Please report, as a single number, how many lines in the entries include the string "define".

· · · ·

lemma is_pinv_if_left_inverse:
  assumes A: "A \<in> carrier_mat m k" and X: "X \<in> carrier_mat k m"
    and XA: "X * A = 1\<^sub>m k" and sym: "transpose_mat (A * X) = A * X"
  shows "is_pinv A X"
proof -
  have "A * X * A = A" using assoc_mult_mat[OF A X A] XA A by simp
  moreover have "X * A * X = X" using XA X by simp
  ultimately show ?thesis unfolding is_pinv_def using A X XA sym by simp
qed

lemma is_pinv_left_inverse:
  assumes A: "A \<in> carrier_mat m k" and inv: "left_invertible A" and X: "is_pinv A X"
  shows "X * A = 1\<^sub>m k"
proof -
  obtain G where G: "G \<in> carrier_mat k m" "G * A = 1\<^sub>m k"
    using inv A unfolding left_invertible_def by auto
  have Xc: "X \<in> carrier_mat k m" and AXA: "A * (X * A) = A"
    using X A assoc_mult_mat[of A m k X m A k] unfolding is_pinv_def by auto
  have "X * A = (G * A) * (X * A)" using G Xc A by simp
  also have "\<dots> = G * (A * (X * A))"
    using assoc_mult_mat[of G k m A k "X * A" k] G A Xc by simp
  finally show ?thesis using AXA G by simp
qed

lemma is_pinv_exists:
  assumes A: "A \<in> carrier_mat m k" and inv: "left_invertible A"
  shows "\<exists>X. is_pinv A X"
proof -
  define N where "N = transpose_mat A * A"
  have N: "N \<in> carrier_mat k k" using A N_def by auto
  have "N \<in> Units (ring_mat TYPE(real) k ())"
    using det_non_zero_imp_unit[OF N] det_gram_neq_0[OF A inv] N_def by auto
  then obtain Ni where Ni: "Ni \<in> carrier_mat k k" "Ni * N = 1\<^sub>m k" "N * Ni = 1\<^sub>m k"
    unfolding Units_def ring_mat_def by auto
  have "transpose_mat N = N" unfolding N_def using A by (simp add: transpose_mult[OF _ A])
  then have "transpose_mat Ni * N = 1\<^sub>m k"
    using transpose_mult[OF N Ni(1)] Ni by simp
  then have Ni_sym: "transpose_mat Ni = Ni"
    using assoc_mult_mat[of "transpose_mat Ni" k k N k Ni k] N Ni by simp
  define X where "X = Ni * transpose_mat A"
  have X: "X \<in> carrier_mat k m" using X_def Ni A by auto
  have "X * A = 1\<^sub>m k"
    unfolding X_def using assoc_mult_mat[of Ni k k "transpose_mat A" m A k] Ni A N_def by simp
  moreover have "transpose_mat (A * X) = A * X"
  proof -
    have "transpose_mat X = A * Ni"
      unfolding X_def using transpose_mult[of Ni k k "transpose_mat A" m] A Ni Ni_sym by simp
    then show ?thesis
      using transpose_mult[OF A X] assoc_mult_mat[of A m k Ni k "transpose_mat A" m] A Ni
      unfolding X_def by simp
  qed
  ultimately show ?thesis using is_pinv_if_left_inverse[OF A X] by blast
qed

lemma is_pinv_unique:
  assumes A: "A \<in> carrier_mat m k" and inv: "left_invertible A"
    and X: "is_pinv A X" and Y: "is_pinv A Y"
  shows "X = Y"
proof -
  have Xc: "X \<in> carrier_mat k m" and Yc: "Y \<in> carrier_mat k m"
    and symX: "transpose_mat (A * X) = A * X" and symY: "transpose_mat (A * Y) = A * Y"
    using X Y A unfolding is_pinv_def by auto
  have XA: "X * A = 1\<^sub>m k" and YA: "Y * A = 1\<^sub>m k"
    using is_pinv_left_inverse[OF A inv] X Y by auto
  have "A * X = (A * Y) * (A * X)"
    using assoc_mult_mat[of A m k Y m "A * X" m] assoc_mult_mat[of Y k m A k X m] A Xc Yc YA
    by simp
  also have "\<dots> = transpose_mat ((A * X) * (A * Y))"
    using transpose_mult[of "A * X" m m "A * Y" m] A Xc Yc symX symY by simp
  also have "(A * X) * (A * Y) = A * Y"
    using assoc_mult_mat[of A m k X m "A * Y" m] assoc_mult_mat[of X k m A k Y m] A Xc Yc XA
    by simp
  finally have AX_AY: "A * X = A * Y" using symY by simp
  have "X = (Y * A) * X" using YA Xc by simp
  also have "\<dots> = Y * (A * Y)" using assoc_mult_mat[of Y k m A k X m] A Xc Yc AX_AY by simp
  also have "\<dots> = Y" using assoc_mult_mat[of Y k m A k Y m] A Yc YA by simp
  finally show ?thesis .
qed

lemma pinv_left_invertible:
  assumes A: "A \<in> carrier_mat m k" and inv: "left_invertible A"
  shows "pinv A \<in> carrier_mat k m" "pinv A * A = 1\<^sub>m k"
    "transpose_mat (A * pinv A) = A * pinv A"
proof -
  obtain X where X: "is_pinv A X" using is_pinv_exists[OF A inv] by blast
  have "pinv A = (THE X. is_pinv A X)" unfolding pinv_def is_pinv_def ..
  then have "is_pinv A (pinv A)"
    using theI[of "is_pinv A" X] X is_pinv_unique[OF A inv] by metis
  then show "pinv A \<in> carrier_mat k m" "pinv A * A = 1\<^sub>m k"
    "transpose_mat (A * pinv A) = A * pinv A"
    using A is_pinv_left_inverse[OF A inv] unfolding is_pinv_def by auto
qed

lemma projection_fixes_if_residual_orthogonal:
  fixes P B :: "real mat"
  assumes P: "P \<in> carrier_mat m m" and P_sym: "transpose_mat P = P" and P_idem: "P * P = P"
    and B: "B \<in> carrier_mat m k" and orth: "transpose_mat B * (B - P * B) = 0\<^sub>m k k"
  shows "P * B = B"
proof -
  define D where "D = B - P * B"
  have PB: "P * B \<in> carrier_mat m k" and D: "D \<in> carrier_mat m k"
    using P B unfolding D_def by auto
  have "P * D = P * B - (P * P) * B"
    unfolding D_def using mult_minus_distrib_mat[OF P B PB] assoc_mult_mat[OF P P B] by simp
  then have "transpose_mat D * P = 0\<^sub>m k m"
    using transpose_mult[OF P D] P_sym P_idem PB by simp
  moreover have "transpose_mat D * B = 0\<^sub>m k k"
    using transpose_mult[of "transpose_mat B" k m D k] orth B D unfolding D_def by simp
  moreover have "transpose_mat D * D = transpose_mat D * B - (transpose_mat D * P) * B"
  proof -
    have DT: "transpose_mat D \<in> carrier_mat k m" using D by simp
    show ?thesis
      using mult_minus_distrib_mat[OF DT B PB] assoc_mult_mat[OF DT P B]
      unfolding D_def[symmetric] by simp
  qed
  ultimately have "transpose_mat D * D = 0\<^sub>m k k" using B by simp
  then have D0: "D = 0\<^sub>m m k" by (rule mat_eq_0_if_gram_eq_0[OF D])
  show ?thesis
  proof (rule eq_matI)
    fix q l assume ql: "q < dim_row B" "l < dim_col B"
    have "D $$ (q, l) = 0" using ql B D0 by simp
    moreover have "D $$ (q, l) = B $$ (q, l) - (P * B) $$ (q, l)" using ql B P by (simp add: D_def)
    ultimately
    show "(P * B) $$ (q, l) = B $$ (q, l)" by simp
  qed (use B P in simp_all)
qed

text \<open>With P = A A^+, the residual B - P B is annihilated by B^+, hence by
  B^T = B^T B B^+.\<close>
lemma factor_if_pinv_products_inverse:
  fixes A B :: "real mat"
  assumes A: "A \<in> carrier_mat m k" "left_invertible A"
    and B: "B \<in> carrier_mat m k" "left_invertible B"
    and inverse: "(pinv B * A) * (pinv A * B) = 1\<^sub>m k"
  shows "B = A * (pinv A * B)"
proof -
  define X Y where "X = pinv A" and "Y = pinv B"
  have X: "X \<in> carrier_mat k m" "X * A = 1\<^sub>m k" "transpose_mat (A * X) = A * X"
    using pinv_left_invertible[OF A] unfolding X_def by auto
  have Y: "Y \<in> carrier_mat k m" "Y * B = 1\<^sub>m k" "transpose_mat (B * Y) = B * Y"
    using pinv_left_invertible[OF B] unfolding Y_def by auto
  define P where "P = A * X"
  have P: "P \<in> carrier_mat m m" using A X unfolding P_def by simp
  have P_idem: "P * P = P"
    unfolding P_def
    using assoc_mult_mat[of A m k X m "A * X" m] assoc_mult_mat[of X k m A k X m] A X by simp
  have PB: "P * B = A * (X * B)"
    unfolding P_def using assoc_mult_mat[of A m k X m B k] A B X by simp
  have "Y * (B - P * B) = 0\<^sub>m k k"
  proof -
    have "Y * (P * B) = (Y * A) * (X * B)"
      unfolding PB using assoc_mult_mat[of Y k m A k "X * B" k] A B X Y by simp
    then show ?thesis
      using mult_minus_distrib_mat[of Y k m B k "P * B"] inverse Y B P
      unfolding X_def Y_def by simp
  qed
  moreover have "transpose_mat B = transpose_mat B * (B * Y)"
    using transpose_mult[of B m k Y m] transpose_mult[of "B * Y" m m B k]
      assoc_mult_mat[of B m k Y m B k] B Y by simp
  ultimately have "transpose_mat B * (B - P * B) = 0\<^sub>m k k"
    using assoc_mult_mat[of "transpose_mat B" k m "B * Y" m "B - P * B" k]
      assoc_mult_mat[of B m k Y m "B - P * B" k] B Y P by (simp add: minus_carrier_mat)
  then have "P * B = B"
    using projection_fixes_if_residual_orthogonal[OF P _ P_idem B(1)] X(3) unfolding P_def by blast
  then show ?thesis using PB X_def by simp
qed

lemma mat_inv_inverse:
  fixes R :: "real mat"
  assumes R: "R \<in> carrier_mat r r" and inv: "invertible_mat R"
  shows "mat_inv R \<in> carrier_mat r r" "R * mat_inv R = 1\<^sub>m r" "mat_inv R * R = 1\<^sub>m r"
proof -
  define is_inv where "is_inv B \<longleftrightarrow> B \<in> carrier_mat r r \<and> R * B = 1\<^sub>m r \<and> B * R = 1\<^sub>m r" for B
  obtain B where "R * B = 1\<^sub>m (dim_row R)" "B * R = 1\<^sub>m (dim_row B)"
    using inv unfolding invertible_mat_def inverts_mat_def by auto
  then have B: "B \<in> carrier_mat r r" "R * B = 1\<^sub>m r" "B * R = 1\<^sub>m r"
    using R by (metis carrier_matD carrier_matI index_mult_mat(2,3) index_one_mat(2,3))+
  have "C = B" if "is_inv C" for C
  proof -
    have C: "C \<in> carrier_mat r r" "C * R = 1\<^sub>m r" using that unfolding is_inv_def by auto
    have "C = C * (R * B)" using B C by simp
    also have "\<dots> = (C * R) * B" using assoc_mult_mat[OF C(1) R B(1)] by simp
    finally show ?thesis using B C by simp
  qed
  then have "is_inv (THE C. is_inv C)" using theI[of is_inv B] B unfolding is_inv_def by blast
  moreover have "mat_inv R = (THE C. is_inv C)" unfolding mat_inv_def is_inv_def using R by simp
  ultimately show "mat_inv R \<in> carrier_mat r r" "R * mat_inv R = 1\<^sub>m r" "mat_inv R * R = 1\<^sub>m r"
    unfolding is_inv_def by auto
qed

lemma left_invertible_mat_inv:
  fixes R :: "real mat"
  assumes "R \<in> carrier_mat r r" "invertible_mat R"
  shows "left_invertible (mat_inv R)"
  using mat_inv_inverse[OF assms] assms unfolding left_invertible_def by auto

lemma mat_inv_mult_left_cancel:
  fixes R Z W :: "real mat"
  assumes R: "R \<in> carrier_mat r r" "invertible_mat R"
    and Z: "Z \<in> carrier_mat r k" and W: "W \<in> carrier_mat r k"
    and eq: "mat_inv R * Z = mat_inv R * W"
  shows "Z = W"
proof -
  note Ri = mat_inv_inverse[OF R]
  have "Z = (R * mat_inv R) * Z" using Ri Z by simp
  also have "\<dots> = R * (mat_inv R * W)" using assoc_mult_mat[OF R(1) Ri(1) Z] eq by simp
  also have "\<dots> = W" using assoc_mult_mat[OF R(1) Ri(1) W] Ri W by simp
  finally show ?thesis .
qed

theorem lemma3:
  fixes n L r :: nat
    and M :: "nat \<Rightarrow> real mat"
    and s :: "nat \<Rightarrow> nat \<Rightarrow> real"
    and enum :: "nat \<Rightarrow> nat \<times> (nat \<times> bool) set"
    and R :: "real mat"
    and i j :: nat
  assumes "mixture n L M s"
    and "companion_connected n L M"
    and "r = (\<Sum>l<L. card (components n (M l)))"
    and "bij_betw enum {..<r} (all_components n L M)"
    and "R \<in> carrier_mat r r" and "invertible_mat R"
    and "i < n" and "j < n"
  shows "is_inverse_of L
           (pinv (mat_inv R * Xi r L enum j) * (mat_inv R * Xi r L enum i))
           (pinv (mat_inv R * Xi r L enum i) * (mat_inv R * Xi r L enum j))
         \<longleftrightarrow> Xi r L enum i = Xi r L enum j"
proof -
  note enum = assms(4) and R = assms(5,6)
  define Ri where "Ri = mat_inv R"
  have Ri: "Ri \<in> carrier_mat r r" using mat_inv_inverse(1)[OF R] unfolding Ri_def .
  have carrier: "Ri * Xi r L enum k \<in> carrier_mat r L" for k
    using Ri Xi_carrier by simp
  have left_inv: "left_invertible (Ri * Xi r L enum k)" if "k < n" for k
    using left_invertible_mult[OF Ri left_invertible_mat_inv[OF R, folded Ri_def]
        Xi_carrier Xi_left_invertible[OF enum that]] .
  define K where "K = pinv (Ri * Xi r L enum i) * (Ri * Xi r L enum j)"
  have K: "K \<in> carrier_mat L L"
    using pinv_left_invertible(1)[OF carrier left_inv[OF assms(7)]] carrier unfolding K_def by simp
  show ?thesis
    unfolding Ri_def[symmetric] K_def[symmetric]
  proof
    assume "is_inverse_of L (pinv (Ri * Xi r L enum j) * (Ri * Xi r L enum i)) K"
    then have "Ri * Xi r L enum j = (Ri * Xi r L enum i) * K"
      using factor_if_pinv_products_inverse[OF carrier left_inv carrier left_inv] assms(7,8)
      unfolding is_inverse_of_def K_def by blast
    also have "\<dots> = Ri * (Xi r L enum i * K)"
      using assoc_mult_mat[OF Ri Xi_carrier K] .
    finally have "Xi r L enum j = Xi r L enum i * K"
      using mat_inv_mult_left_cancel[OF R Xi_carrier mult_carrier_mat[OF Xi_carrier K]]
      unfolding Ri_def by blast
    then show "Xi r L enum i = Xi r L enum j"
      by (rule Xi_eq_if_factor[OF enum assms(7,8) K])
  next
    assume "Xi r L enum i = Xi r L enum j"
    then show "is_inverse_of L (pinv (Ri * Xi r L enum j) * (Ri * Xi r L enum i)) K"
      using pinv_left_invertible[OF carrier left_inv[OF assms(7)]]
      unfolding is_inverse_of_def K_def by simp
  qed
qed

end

· · · ·

-- EXERCISE OUTPUT --
8